C) Look inside `Snakefile`code to see where the final output of featureCount will be stored and compare it with the output we previously had using featureCounts. What is the main difference ? Why ?



Snakemake can have individual files as a target. The following rule:

```{python}
rule bamstats:
    input:
        "hisat2/{sample}.sorted.bam"
    output:
        stats_txt = "QC/{sample}/{sample}.stats",
        stats_html = "QC/{sample}/{sample}.plots.html"
    params:
        "QC/{sample}/{sample}.plots"
    conda:
        "envs/core.yaml"
    shell:
        "samtools stats {input} > {output.stats_txt} && plot-bamstats -p {params} {output.stats_txt}"
```

Was not included as part of our workflow, as it was not required to run featureCounts.

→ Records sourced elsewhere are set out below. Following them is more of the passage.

lemma twins_if_row_T6_multiple:
  assumes mg: "mixed_graph n E D" and st: "s < n" "t < n" and m: "m \<in> T6"
    and rows: "\<forall>j<n. Nent E D s j = m * Nent E D t j"
  shows "twins n E D s t"
proof (cases "s = t")
  case True
  then show ?thesis
    unfolding twins_def switching_equiv_def using st by blast
next
  case False
  define p where "p = (\<lambda>x. if x = s then m else 1)"
  have row_s: "Nent E D s j = m * Nent E D t j" for j
    using rows Nent_outside[OF mg] st by (cases "j < n") auto
  then have adm: "admissible n E D p"
    unfolding p_def using admissible_single_label[OF mg False m] by blast
  have "Nent E (switch E D p) s j = Nent E (switch E D p) t j" for j
    using Nent_switch[OF mg adm] row_s[of j] T6_cnj_mult_self[OF m] False
    unfolding p_def by (simp add: algebra_simps)
  moreover have "switching_equiv n E D (switch E D p)"
    unfolding switching_equiv_def switch_step_def using adm by blast
  ultimately show ?thesis
    unfolding twins_def using st by blast
qed

section \<open>Three columns of a square matrix\<close>

definition col_in_span3 :: "nat \<Rightarrow> (nat \<Rightarrow> nat \<Rightarrow> 'a::field) \<Rightarrow> nat \<Rightarrow> nat \<Rightarrow> nat \<Rightarrow> nat \<Rightarrow> bool" where
  "col_in_span3 n M a b c v \<longleftrightarrow>
     (\<exists>x1 x2 x3. \<forall>i<n. M i v = x1 * M i a + x2 * M i b + x3 * M i c)"

definition cols_indep3 :: "nat \<Rightarrow> (nat \<Rightarrow> nat \<Rightarrow> 'a::field) \<Rightarrow> nat \<Rightarrow> nat \<Rightarrow> nat \<Rightarrow> bool" where
  "cols_indep3 n M a b c \<longleftrightarrow>
     (\<forall>y1 y2 y3. (\<forall>i<n. y1 * M i a + y2 * M i b + y3 * M i c = 0) \<longrightarrow> y1 = 0 \<and> y2 = 0 \<and> y3 = 0)"

lemma cols_indep3D:
  assumes "cols_indep3 n M a b c" and "\<forall>i<n. y1 * M i a + y2 * M i b + y3 * M i c = 0"
  shows "y1 = 0" "y2 = 0" "y3 = 0"
  using assms unfolding cols_indep3_def by blast+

To run this rule for a particular file, you have target one of the output that is generated by this rule for a particular file using the following formula:

`snakemake --use-conda QC/SAMPLE/SAMPLE.plots.html`

Where SAMPLE can be any of the accession codes corresponding to the samples stored inside the `FASTQ` folder.  

**Exercise 5.1.3**

Can you run this rule for the largest and smallest sample? (hint: use `ls -lh` to check file size) What useful information can be found on the output html file? Are there any evident difference between the results for the largest and smaller sample?